Building and shipping an iOS or Android app can be more complex and involved than other types of software, but mobile teams don’t usually receive the kind of critical support around core platform, distribution and release infrastructure that other platforms do. Maybe it’s because phones are small and it seems like they can’t possibly be all that complicated (how much code can you fit in there anyway?), but mobile infrastructure and tooling is way too often an afterthought, even in organizations where mobile apps drive a significant portion of the business.

While some larger, mature orgs have come to recognize the need for dedicated mobile infrastructure support at the build tooling level, and have even formed mobile platform teams to meet this need, support for distribution and release infrastructure isn’t always in their scope of influence. Too often, improving distribution and release tooling is something that teams can just get to later and instead they end up wasting valuable hours in every release cycle bridging the gaps in whatever unnecessarily complex Rube Goldberg release machine they built.

When it comes to developing, improving, and maintaining tooling to help manage app distribution and releases, mobile teams are more or less left on their own.

Mobile engineers are forced to become their own infrastructure

This is not a good thing. Not because mobile engineers aren’t any good at it; actually, when forced to spend enough time dealing with it many engineers naturally become fairly skilled at it.

But they shouldn’t have to be good at it. Because they’re not infrastructure engineers, they’re mobile engineers (it’s right in their title). It's a waste of time and resources to make mobile engineers fully responsible for their own infrastructure.

Asking a mobile engineer to build out their own deployment infrastructure is sort of like asking infrastructure engineers to build your iOS and Android apps. They could maybe muddle through and learn to build something bad in quintuple the time it would normally take, but no one would consider that acceptable and it’d be ridiculous to even suggest it.  

And yet the reverse is not only suggested, but practically required. Mobile engineers (with some lucky exceptions, like those who use Runway) spend an enormous amount of time down in the weeds, building their own systems, writing fastlane scripts (in Ruby!!) and continually tinkering with process. Work that someone might do as a hobby for a personal project is instead relied upon by large orgs to achieve critical business goals.

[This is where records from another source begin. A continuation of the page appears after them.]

(* For every finitely supported permutation $\tau$ of $[0,1[$ and every partition $\mathcal P$ associated with $\tau$, one has $\varepsilon(\tau,\mathcal P)=\operatorname{sgn}(\tau)$.
   Context: $X=[0,1[$; $\widehat{\operatorname{PC}^{\bowtie}}$ is the group of bijections $X\to X$ continuous outside a finite subset, which contains the group ${\mathfrak S}_{\mathrm{fin}}$ of finitely supported permutations; $\operatorname{sgn}:{\mathfrak S}_{\mathrm{fin}}\to\mathbb{Z}/2\mathbb{Z}$ is the classical signature. For $h\in\widehat{\operatorname{PC}^{\bowtie}}$, a partition associated with $h$ is a finite partition $\mathcal P=\{I_1,\dots,I_n\}$ of $X$ into intervals $I_j=[\alpha_j,b_j[$ such that $h$ is continuous on the open interval $I_j^\circ=]\alpha_j,b_j[$ for each $j$ (then $h$ is strictly monotone on $I_j^\circ$ and $h(I_j^\circ)$ is an open interval). Let $\beta_j$ be the left endpoint of $h(I_j^\circ)$; the sets $\{h(\alpha_j)\}$ and $\{\beta_j\}$ coincide, and $\sigma_{(h,\mathcal P)}\in{\mathfrak S}_{\mathrm{fin}}$ sends $h(\alpha_j)$ to $\beta_j$ for each $j$ and fixes all other points. $R(h,\mathcal P)$ is the number of $j$ with $h$ decreasing on $I_j^\circ$, and $\varepsilon(h,\mathcal P)=R(h,\mathcal P)+\operatorname{sgn}(\sigma_{(h,\mathcal P)})\bmod 2$. *)

theory Defs
  imports "HOL-Analysis.Analysis" "HOL-Combinatorics.Permutations"
begin

definition X :: "real set" where "X = {0..<1}"

text \<open>Classical signature with values in Z/2Z, encoded as 0/1 :: nat.\<close>
definition sgn2 :: "(real \<Rightarrow> real) \<Rightarrow> nat" where
  "sgn2 p = (if evenperm p then 0 else 1)"

definition lend :: "real set \<Rightarrow> real" where "lend I = Inf I"
definition rend :: "real set \<Rightarrow> real" where "rend I = Sup I"
definition opn :: "real set \<Rightarrow> real set" where "opn I = {lend I<..<rend I}"

definition assoc_partition :: "(real \<Rightarrow> real) \<Rightarrow> real set set \<Rightarrow> bool" where
  "assoc_partition h P \<longleftrightarrow> finite P \<and> \<Union>P = X \<and>
     (\<forall>I\<in>P. \<forall>J\<in>P. I \<noteq> J \<longrightarrow> I \<inter> J = {}) \<and>
     (\<forall>I\<in>P. \<exists>a b. a < b \<and> I = {a..<b} \<and> continuous_on {a<..<b} h)"

definition beta :: "(real \<Rightarrow> real) \<Rightarrow> real set \<Rightarrow> real" where
  "beta h I = Inf (h ` opn I)"

definition sigma :: "(real \<Rightarrow> real) \<Rightarrow> real set set \<Rightarrow> real \<Rightarrow> real" where
  "sigma h P x = (if \<exists>I\<in>P. h (lend I) = x
      then beta h (THE I. I \<in> P \<and> h (lend I) = x) else x)"

definition R :: "(real \<Rightarrow> real) \<Rightarrow> real set set \<Rightarrow> nat" where
  "R h P = card {I \<in> P. \<forall>x\<in>opn I. \<forall>y\<in>opn I. x < y \<longrightarrow> h y < h x}"

definition eps :: "(real \<Rightarrow> real) \<Rightarrow> real set set \<Rightarrow> nat" where
  "eps h P = (R h P + sgn2 (sigma h P)) mod 2"

end

theory Submission
  imports Defs
begin

text \<open>A finitely supported permutation that is continuous on an open interval is the identity
  there: near any point of the interval all but finitely many points are fixed, so the limit of
  the permutation at that point is the point itself. Hence on every interval of an associated
  partition the permutation is the identity; no interval is decreasing, each \<open>\<beta>\<^sub>j\<close> equals
  \<open>\<alpha>\<^sub>j\<close>, and \<open>\<sigma>\<close> maps \<open>\<tau>(\<alpha>\<^sub>j)\<close> back to \<open>\<alpha>\<^sub>j\<close> while every other point is fixed by both \<open>\<tau>\<close>
  and \<open>\<sigma>\<close>. So \<open>\<sigma> = \<tau>\<inverse>\<close>, which has the signature of \<open>\<tau>\<close>.\<close>

lemma eventually_at_not_in_finite:
  fixes x :: "'a::t1_space"
  assumes "finite F"
  shows "\<forall>\<^sub>F y in at x. y \<notin> F"
  unfolding eventually_at_topological
proof (intro exI conjI ballI impI)
  show "open (- (F - {x}))"
    using assms by (intro open_Compl finite_imp_closed) simp
qed auto

lemma continuous_on_finite_support_imp_fixed:
  fixes h :: "'a::{perfect_space, t2_space} \<Rightarrow> 'a"
  assumes "open S" and "continuous_on S h" and "finite {y. h y \<noteq> y}" and "x \<in> S"
  shows "h x = x"
proof -
  have "(h \<longlongrightarrow> h x) (at x)"
    using assms(1,2,4) continuous_on_eq_continuous_at isCont_def by blast
  moreover have "(h \<longlongrightarrow> x) (at x)"
  proof (rule Lim_transform_eventually)
    show "\<forall>\<^sub>F y in at x. y = h y"
      using eventually_at_not_in_finite[OF assms(3)] by (rule eventually_mono) auto
  qed (rule tendsto_ident_at)
  ultimately show ?thesis
    using tendsto_unique[OF at_neq_bot] by blast
qed

lemma lend_atLeastLessThan: "a < b \<Longrightarrow> lend {a..<b} = a"
  by (simp add: lend_def)

lemma opn_atLeastLessThan: "a < b \<Longrightarrow> opn {a..<b} = {a<..<b}"
  by (simp add: opn_def lend_def rend_def)

lemma assoc_partition_memE:
  assumes "assoc_partition h P" and "I \<in> P"
  obtains a b where "a < b" and "I = {a..<b}" and "lend I = a" and "opn I = {a<..<b}"
    and "continuous_on (opn I) h"
  using assms unfolding assoc_partition_def
  by (metis lend_atLeastLessThan opn_atLeastLessThan)

lemma assoc_partition_lend_mem:
  assumes "assoc_partition h P" and "I \<in> P"
  shows "lend I \<in> I"
  using assms by (rule assoc_partition_memE) auto

lemma assoc_partition_inj_on_lend:
  assumes "assoc_partition h P"
  shows "inj_on lend P"
proof (rule inj_onI)
  fix I J assume "I \<in> P" and "J \<in> P" and "lend I = lend J"
  moreover have "lend I \<in> I" and "lend J \<in> J"
    using \<open>I \<in> P\<close> \<open>J \<in> P\<close> by (simp_all add: assoc_partition_lend_mem[OF assms])
  ultimately have "lend I \<in> I \<inter> J"
    by simp
  with \<open>I \<in> P\<close> \<open>J \<in> P\<close> assms show "I = J"
    unfolding assoc_partition_def by blast
qed

lemma assoc_partition_finite_support_fixes_opn:
  assumes "assoc_partition h P" and "finite {y. h y \<noteq> y}" and "I \<in> P" and "x \<in> opn I"
  shows "h x = x"
  using assms(1,3)
proof (rule assoc_partition_memE)
  show "continuous_on (opn I) h \<Longrightarrow> opn I = {a<..<b} \<Longrightarrow> h x = x" for a b
    using continuous_on_finite_support_imp_fixed[OF _ _ assms(2,4)] by simp
qed

lemma R_eq_0_if_fixes_opn:
  assumes "assoc_partition h P" and fixes_opn: "\<And>I x. I \<in> P \<Longrightarrow> x \<in> opn I \<Longrightarrow> h x = x"
  shows "R h P = 0"
proof -
  have "\<not> (\<forall>x\<in>opn I. \<forall>y\<in>opn I. x < y \<longrightarrow> h y < h x)" if "I \<in> P" for I
    using assms(1) \<open>I \<in> P\<close>
  proof (rule assoc_partition_memE)
    fix a b assume "a < b" and opn_I: "opn I = {a<..<b}"
    obtain x where "a < x" "x < b"
      using \<open>a < b\<close> dense by blast
    obtain y where "x < y" "y < b"
      using \<open>x < b\<close> dense by blast
    have "x \<in> opn I" and "y \<in> opn I"
      using \<open>a < x\<close> \<open>x < y\<close> \<open>y < b\<close> by (simp_all add: opn_I)
    moreover have "h x = x" and "h y = y"
      using calculation fixes_opn[OF \<open>I \<in> P\<close>] by simp_all
    ultimately show ?thesis
      using \<open>x < y\<close> by fastforce
  qed
  then have "{I \<in> P. \<forall>x\<in>opn I. \<forall>y\<in>opn I. x < y \<longrightarrow> h y < h x} = {}"
    by blast
  then show ?thesis
    unfolding R_def by (simp only: card.empty)
qed

lemma beta_eq_lend_if_fixes_opn:
  assumes "assoc_partition h P" and "I \<in> P" and "\<And>x. x \<in> opn I \<Longrightarrow> h x = x"
  shows "beta h I = lend I"
  using assms(1,2)
proof (rule assoc_partition_memE)
  fix a b assume "a < b" and "lend I = a" and opn_I: "opn I = {a<..<b}"
  have "h ` opn I = opn I"
    using assms(3) by (simp add: image_cong)
  with \<open>a < b\<close> \<open>lend I = a\<close> show ?thesis
    by (simp add: beta_def opn_I)
qed

lemma sigma_eq_inv_if_fixes_opn:
  assumes "h permutes X" and partition: "assoc_partition h P"
    and fixes_opn: "\<And>I x. I \<in> P \<Longrightarrow> x \<in> opn I \<Longrightarrow> h x = x"
  shows "sigma h P = inv h"
proof -
  have inj: "inj h"
    using assms(1) permutes_inj by blast
  have sigma_h: "sigma h P (h x) = x" for x
  proof (cases "\<exists>I\<in>P. lend I = x")
    case True
    then obtain I where "I \<in> P" and "lend I = x" by blast
    have "(THE J. J \<in> P \<and> h (lend J) = h x) = I"
    proof (rule the_equality)
      show "J = I" if "J \<in> P \<and> h (lend J) = h x" for J
      proof (rule inj_onD[OF assoc_partition_inj_on_lend[OF partition]])
        show "lend J = lend I"
          using that \<open>lend I = x\<close> by (simp add: inj_eq[OF inj])
      qed (use that \<open>I \<in> P\<close> in auto)
    qed (use \<open>I \<in> P\<close> \<open>lend I = x\<close> in simp)
    moreover have "\<exists>J\<in>P. h (lend J) = h x"
      using \<open>I \<in> P\<close> \<open>lend I = x\<close> by blast
    ultimately have "sigma h P (h x) = beta h I"
      unfolding sigma_def by simp
    also have "\<dots> = x"
      using beta_eq_lend_if_fixes_opn[OF partition \<open>I \<in> P\<close> fixes_opn[OF \<open>I \<in> P\<close>]] \<open>lend I = x\<close> by simp
    finally show ?thesis .
  next
    case False
    have "h x = x"
    proof (cases "x \<in> X")
      case True
      then have "x \<in> \<Union>P"
        using partition by (simp add: assoc_partition_def)
      then obtain I where "I \<in> P" and "x \<in> I"
        by blast
      from partition \<open>I \<in> P\<close> have "x \<in> opn I"
      proof (rule assoc_partition_memE)
        fix a b assume "I = {a..<b}" and "lend I = a" and "opn I = {a<..<b}"
        moreover have "x \<noteq> a"
          using False \<open>I \<in> P\<close> \<open>lend I = a\<close> by blast
        ultimately show "x \<in> opn I"
          using \<open>x \<in> I\<close> by simp
      qed
      with \<open>I \<in> P\<close> show ?thesis by (rule fixes_opn)
    qed (rule permutes_not_in[OF assms(1)])
    moreover have "\<not> (\<exists>J\<in>P. h (lend J) = h x)"
      using False by (simp add: inj_eq[OF inj])
    ultimately show ?thesis
      unfolding sigma_def by simp
  qed
  show ?thesis
  proof (rule inv_equality[symmetric])
    show "h (sigma h P y) = y" for y
      using sigma_h[of "inv h y"] surj_f_inv_f[OF permutes_surj[OF assms(1)]] by simp
  qed (rule sigma_h)
qed

theorem proposition3p4:
  fixes \<tau> :: "real \<Rightarrow> real" and P :: "real set set"
  assumes "\<tau> permutes X" and "finite {x. \<tau> x \<noteq> x}"
    and "assoc_partition \<tau> P"
  shows "eps \<tau> P = sgn2 \<tau>"
proof -
  have fixes_opn: "\<And>I x. I \<in> P \<Longrightarrow> x \<in> opn I \<Longrightarrow> \<tau> x = x"
    using assoc_partition_finite_support_fixes_opn[OF assms(3,2)] .
  have "R \<tau> P = 0"
    using assms(3) fixes_opn by (rule R_eq_0_if_fixes_opn)
  moreover have "sigma \<tau> P = inv \<tau>"
    using assms(1,3) fixes_opn by (rule sigma_eq_inv_if_fixes_opn)
  moreover have "evenperm (inv \<tau>) = evenperm \<tau>"
    using assms(1,2) by (intro evenperm_inv) (simp add: permutation permutes_bij)
  ultimately show ?thesis
    by (simp add: eps_def sgn2_def)
qed

end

It’s not just the technical infrastructure. Mobile engineers end up doing a lot of bookkeeping and checklist writing that non-mobile engineers don’t have to deal with either because of their relatively simpler release processes or because all that work has been mostly automated away by tooling they’ve been given the priority to implement.

But mobile engineers often just accept that they need to do this because:

The mobile perspective is rarely taken into account

Mobile is rarely considered at any time other than after the fact. The organization sets out to do this thing or that thing and the mobile team is left to figure out how to translate that goal to mobile. No one worries about it unless the app starts crashing or work isn’t shipping on time. It’s difficult to change this kind of status quo.

Part of this problem is perhaps that both engineering leadership and broader company leadership often have no direct experience with mobile. For many such leaders, every mobile engineer is a magical mobile whisperer who can build and fix these ‘apps’ on these ‘devices’ that they themselves don’t really understand.  

Having no experience with mobile can cause leadership to have both increased and decreased expectations. Org leadership may have increased expectations insofar as they believe their mobile team can take care of anything mobile related that they ask of them (how hard can it be?) and decreased expectations insofar as they don’t see the need to prioritize investments for a part of the org they don’t have any real experience in (how hard can it be?).  

Within most orgs, the customers’ needs are considered and rightly come first. Other engineering platforms’ needs are considered. The needs of sales and customer success are considered. But mobile engineering is often the ugly stepchild, a resource that is expected to be self-sufficient and turn anything thrown at them into a swipeable, tappable experience that arrives on everyone’s phones in a timely manner.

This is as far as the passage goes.